8-го (20-го) ноября, суббота. Небо совершенно белое от водных испарений, мелкая зыбь покрывает волны. И кругом это небо, кругом эти волны. Пароход, громадный «Pei-ho» тонет в этом водном просторе, исчезать среди бесконечной глади беспредельного моря. Это крошечный кусок железа и дерева, на котором, как инфузории в капле воды, копошатся люди. Здесь и русские, и французы, англичане и американцы, испанский патер и компания занзибарских негров — это интернациональный город г. плывущий в беспредельном просторе громадного моря… Мы проходили 15®23 северной широты и 39®28 восточной долготы. Mope становится более разнообразным. Вдали на горизонте появляются туманные очертания островов и скал. Отвесными, бледно-желтыми стенами вздымаются они вверх, принимают самые разнообразные, самые причудливые формы. Иной, будто громадный стол вздымается кверху, другой вытянут в длину более чем в ширину, третий — совершенно узкий; вершина одного образует ровное плато, у другого всхолмлена и изрыта, третий имеет остроконечный пик. Несомненно, это вершины горного кряжа, тянущегося под водой. Подле них разбивается белым поясом прибой. Пароход проходит недалеко от некоторых из них, тот же голый песок, никакой растительности, никакого движения-мертвые острова.
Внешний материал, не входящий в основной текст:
(* Let $n\ge 2$. For $k\ge0$ let $\mathcal R^{(N,k)}(x)=\mathcal R^{(N+k-1)}(x)\cdots\mathcal R^{(N)}(x)$ (with $\mathcal R^{(N,0)}=\mathrm{Id}$) and define the multilinear forms $\tilde Q^{(N)}_{k,n}(M_1,\dots,M_n)=Q_{0,n}\big(\mathcal R^{(N,k)}(x_1)M_1\mathcal R^{(N,k)}(x_1)^{-1},\dots,\mathcal R^{(N,k)}(x_n)M_n\mathcal R^{(N,k)}(x_n)^{-1}\big)$, so that $W_n^{(N+k)}(x_1.E_1,\dots,x_n.E_n)=\tilde Q^{(N)}_{k,n}(M^{(N)}(x_1.E_1),\dots,M^{(N)}(x_n.E_n))$. Then there exist polynomials $\tilde\alpha^{(N)}_{k,n}(x_1,\dots,x_n)\in\mathbb C[x_1,\dots,x_n]$, $k=0,\dots,(\dim\mathfrak g)^n$, not all zero and independent of $E_1,\dots,E_n$, with $\sum_k\tilde\alpha^{(N)}_{k,n}\tilde Q^{(N)}_{k,n}=0$, such that for all $E_1,\dots,E_n\in\mathfrak g$ $$\sum_{k=0}^{(\dim\mathfrak g)^n}\tilde\alpha^{(N)}_{k,n}(x_1,\dots,x_n)W_n^{(N+k)}(x_1.E_1,\dots,x_n.E_n)=0 .$$
   Context: Let $G\subset GL(r,\mathbb C)$ be a complex reductive Lie group given in a faithful matrix representation, with Lie algebra $\mathfrak g\subset\mathfrak{gl}(r,\mathbb C)$; ${\rm Tr}$ is the matrix trace. For each integer $N$ let $\mathcal D^{(N)}(x)\in\mathfrak g$ be rational in $x$, $\Psi^{(N)}(x)$ an invertible $G$-valued solution of $\frac{d}{dx}\Psi^{(N)}=\mathcal D^{(N)}\Psi^{(N)}$, and $\Psi^{(N+1)}=\mathcal R^{(N)}(x)\Psi^{(N)}$ with $\mathcal R^{(N)}(x)$ invertible, rational in $x$ with rational inverse. For $E\in\mathfrak g$, $M^{(N)}(x.E)=\Psi^{(N)}(x)E\Psi^{(N)}(x)^{-1}$. $Q_{0,n}$ is the multilinear form $Q_{0,n}(M_1,\dots,M_n)=\sum_\sigma(-1)^\sigma\frac{{\rm Tr}\prod_{i=1}^nM_{\sigma^i(1)}}{\prod_{i=1}^n(x_i-x_{\sigma(i)})}$ (sum over permutations of $\{1,\dots,n\}$ that are a single $n$-cycle, $(-1)^\sigma$ the sign, product ordered with $i$ increasing), and $W_n^{(N)}(x_1.E_1,\dots,x_n.E_n)=Q_{0,n}(M^{(N)}(x_1.E_1),\dots,M^{(N)}(x_n.E_n))$ for pairwise distinct $x_i$ (for $n=2$ this equals ${\rm Tr}\,M^{(N)}(x_1.E_1)M^{(N)}(x_2.E_2)/(x_1-x_2)^2$). *)

theory Defs
  imports "HOL-Analysis.Analysis" "HOL-Combinatorics.Permutations"
          "HOL-Computational_Algebra.Polynomial"
begin

type_synonym 'r cmat = "complex^'r^'r"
Словно безмолвные стражи пустынного моря то появляются, то исчезают они на беспредельной синеве вод. Испарения пропитывают воздух и дали чуть покрыты молочной дымкой. Но это не туман далекого севера густой и плотный — это нечто прозрачное, неуловимое, нежное, как все в этом климате, полном контрастов.
Между офицерами нашей миссии и французскими едущими на Мадагаскар, начинается настоящая дружба. На палубе все перемешались, говорят друг другу самые отборные комплименты. Их удивляет, что все наши говорят по-французски. Вечером пьем шампанское за их здоровье, желаем взаимно счастливого пути.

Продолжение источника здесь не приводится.